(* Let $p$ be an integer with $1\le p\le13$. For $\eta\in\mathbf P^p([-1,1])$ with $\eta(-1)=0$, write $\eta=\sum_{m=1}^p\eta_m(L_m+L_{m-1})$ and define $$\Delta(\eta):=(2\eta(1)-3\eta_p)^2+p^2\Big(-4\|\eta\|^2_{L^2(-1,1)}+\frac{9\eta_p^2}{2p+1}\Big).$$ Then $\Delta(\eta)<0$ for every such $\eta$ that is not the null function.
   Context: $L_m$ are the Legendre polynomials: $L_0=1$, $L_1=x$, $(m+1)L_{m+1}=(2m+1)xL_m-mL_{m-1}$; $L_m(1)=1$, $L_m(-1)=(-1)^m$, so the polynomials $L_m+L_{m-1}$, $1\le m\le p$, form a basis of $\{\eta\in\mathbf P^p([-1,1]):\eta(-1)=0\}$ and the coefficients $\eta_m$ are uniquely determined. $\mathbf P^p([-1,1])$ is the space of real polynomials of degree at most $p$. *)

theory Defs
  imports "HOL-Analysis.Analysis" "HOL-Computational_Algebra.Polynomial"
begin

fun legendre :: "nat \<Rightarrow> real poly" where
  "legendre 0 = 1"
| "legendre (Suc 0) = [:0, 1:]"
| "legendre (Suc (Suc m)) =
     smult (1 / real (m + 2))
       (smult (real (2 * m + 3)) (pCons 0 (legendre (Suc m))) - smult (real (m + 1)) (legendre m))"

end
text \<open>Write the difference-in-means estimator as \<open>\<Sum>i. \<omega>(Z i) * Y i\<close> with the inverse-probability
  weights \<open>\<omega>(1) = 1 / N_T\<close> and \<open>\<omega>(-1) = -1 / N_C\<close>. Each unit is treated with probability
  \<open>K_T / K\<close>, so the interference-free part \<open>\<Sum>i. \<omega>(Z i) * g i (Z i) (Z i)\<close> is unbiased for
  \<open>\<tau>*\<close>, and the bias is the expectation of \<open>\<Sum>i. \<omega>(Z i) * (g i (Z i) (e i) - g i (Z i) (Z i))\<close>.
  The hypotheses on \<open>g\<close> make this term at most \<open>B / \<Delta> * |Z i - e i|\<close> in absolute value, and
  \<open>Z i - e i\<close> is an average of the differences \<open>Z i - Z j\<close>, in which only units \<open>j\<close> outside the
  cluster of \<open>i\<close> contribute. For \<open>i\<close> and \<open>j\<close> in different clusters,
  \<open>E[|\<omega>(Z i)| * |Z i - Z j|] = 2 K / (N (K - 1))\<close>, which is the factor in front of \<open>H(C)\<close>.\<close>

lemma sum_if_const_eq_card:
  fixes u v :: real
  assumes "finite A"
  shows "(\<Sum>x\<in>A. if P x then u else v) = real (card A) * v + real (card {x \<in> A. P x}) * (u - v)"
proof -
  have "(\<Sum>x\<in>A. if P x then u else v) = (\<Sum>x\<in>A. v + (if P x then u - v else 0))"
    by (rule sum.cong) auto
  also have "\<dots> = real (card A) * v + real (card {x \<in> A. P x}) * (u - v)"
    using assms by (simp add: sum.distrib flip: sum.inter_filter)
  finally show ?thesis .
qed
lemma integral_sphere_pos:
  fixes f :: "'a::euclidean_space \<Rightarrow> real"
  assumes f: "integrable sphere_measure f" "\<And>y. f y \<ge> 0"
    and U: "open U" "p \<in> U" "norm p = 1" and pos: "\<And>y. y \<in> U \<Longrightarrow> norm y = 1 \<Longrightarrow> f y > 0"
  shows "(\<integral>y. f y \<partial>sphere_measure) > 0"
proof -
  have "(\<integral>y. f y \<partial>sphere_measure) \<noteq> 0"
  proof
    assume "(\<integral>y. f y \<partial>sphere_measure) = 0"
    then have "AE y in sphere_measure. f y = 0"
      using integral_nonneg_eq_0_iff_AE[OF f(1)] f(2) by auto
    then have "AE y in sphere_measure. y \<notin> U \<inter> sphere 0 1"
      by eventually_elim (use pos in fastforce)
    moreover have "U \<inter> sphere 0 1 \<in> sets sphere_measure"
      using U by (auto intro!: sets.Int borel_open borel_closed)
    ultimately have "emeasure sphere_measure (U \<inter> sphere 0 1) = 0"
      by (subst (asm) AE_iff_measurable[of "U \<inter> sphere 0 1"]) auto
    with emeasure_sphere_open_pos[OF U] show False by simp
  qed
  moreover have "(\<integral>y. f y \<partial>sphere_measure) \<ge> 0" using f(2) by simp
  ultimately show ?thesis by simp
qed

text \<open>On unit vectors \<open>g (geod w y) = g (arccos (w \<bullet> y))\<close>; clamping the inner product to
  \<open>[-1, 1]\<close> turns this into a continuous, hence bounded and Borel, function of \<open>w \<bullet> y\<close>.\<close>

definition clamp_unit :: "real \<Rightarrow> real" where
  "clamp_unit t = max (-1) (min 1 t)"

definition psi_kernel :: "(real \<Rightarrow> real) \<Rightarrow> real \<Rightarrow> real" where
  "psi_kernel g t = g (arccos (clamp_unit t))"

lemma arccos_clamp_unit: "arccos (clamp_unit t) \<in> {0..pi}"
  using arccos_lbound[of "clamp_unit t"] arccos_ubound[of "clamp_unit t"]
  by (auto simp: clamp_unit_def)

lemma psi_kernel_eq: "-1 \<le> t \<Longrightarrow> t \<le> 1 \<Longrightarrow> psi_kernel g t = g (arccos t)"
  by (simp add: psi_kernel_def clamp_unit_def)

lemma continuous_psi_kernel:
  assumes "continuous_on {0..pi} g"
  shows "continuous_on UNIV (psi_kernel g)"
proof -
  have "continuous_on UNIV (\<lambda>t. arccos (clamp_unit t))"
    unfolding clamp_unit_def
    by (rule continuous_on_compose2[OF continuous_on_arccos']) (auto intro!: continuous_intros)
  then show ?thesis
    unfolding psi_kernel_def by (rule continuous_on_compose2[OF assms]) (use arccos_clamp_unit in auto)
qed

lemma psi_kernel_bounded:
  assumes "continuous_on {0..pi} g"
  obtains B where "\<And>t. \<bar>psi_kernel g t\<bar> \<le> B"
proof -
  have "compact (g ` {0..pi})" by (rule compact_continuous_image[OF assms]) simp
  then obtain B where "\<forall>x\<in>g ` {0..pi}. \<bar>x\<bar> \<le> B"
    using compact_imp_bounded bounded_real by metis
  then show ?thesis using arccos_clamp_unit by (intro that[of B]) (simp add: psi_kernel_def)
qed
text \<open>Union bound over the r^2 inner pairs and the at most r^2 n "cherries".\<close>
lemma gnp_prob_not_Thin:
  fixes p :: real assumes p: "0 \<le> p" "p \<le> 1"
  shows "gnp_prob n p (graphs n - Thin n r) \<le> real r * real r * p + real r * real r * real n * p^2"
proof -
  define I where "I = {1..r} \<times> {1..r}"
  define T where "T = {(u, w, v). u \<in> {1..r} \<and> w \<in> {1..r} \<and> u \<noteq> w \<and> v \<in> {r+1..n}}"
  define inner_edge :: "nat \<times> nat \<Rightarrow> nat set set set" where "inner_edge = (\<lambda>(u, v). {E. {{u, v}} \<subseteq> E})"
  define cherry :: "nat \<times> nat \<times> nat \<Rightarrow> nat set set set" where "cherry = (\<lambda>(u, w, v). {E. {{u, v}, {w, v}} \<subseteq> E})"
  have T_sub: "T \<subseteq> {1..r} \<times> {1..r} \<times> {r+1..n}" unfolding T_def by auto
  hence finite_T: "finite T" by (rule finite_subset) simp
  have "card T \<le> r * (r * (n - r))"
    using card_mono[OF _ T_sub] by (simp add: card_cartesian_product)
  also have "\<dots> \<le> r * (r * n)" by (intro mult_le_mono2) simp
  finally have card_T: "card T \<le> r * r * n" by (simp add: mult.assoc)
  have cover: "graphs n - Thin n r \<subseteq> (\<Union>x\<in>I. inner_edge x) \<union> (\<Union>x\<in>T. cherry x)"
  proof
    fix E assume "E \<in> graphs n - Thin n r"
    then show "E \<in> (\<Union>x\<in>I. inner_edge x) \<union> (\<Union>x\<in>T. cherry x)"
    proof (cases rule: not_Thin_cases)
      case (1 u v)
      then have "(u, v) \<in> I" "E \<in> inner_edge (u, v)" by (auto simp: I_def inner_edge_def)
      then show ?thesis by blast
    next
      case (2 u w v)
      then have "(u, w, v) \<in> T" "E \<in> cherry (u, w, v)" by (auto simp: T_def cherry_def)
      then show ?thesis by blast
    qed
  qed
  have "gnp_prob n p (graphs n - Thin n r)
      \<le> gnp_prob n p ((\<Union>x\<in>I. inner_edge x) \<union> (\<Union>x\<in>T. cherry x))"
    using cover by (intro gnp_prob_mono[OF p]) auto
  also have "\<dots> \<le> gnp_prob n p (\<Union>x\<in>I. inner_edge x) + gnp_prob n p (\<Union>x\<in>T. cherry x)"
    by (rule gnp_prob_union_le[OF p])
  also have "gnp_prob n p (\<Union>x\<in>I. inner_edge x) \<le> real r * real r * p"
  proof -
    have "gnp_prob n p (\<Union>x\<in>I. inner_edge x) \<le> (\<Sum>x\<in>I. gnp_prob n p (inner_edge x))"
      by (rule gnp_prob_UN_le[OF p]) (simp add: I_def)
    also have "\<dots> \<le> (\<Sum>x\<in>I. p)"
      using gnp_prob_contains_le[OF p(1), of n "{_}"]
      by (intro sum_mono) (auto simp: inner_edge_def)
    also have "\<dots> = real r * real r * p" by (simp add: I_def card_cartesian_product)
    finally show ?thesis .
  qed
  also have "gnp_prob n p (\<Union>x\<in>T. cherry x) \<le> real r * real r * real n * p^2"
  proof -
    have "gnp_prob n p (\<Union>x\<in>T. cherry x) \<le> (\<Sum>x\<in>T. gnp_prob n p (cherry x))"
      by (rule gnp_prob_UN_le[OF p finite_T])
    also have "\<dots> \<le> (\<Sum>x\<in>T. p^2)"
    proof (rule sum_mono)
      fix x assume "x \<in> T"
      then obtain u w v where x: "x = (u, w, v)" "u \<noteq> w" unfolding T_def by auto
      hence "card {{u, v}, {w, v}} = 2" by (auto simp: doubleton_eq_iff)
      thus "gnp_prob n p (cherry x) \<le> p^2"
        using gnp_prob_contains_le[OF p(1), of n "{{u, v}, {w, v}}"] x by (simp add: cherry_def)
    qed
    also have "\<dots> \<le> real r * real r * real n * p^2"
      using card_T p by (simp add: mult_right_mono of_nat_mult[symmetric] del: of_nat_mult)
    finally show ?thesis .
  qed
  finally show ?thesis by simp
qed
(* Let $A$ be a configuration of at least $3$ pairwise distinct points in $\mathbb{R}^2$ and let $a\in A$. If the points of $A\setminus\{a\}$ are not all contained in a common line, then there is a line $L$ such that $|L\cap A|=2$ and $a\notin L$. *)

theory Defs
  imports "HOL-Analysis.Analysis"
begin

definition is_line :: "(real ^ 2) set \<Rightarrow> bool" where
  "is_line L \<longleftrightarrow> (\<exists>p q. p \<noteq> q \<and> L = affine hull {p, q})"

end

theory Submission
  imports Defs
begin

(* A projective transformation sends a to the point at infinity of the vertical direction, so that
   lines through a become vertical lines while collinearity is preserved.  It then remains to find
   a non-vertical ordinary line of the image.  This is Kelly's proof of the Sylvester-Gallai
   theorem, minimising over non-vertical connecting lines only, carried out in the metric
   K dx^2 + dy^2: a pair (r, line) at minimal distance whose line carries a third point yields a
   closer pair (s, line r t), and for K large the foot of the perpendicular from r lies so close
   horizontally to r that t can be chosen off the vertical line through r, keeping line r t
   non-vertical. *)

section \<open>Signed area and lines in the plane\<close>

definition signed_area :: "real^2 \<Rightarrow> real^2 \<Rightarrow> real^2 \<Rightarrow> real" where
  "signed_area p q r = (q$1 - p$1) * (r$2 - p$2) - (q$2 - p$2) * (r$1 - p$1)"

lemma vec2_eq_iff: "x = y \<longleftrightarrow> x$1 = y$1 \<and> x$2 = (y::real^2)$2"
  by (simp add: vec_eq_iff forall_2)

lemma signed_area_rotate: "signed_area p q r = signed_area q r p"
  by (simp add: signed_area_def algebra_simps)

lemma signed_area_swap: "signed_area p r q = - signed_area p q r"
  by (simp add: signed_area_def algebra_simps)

* * *

Task description =
Look above and return each line of the records exactly, from the very first through the line with "text \<open>Write the", both included.

Solution to this task =
(* Let $p$ be an integer with $1\le p\le13$. For $\eta\in\mathbf P^p([-1,1])$ with $\eta(-1)=0$, write $\eta=\sum_{m=1}^p\eta_m(L_m+L_{m-1})$ and define $$\Delta(\eta):=(2\eta(1)-3\eta_p)^2+p^2\Big(-4\|\eta\|^2_{L^2(-1,1)}+\frac{9\eta_p^2}{2p+1}\Big).$$ Then $\Delta(\eta)<0$ for every such $\eta$ that is not the null function.
   Context: $L_m$ are the Legendre polynomials: $L_0=1$, $L_1=x$, $(m+1)L_{m+1}=(2m+1)xL_m-mL_{m-1}$; $L_m(1)=1$, $L_m(-1)=(-1)^m$, so the polynomials $L_m+L_{m-1}$, $1\le m\le p$, form a basis of $\{\eta\in\mathbf P^p([-1,1]):\eta(-1)=0\}$ and the coefficients $\eta_m$ are uniquely determined. $\mathbf P^p([-1,1])$ is the space of real polynomials of degree at most $p$. *)

theory Defs
  imports "HOL-Analysis.Analysis" "HOL-Computational_Algebra.Polynomial"
begin

fun legendre :: "nat \<Rightarrow> real poly" where
  "legendre 0 = 1"
| "legendre (Suc 0) = [:0, 1:]"
| "legendre (Suc (Suc m)) =
     smult (1 / real (m + 2))
       (smult (real (2 * m + 3)) (pCons 0 (legendre (Suc m))) - smult (real (m + 1)) (legendre m))"

end
text \<open>Write the difference-in-means estimator as \<open>\<Sum>i. \<omega>(Z i) * Y i\<close> with the inverse-probability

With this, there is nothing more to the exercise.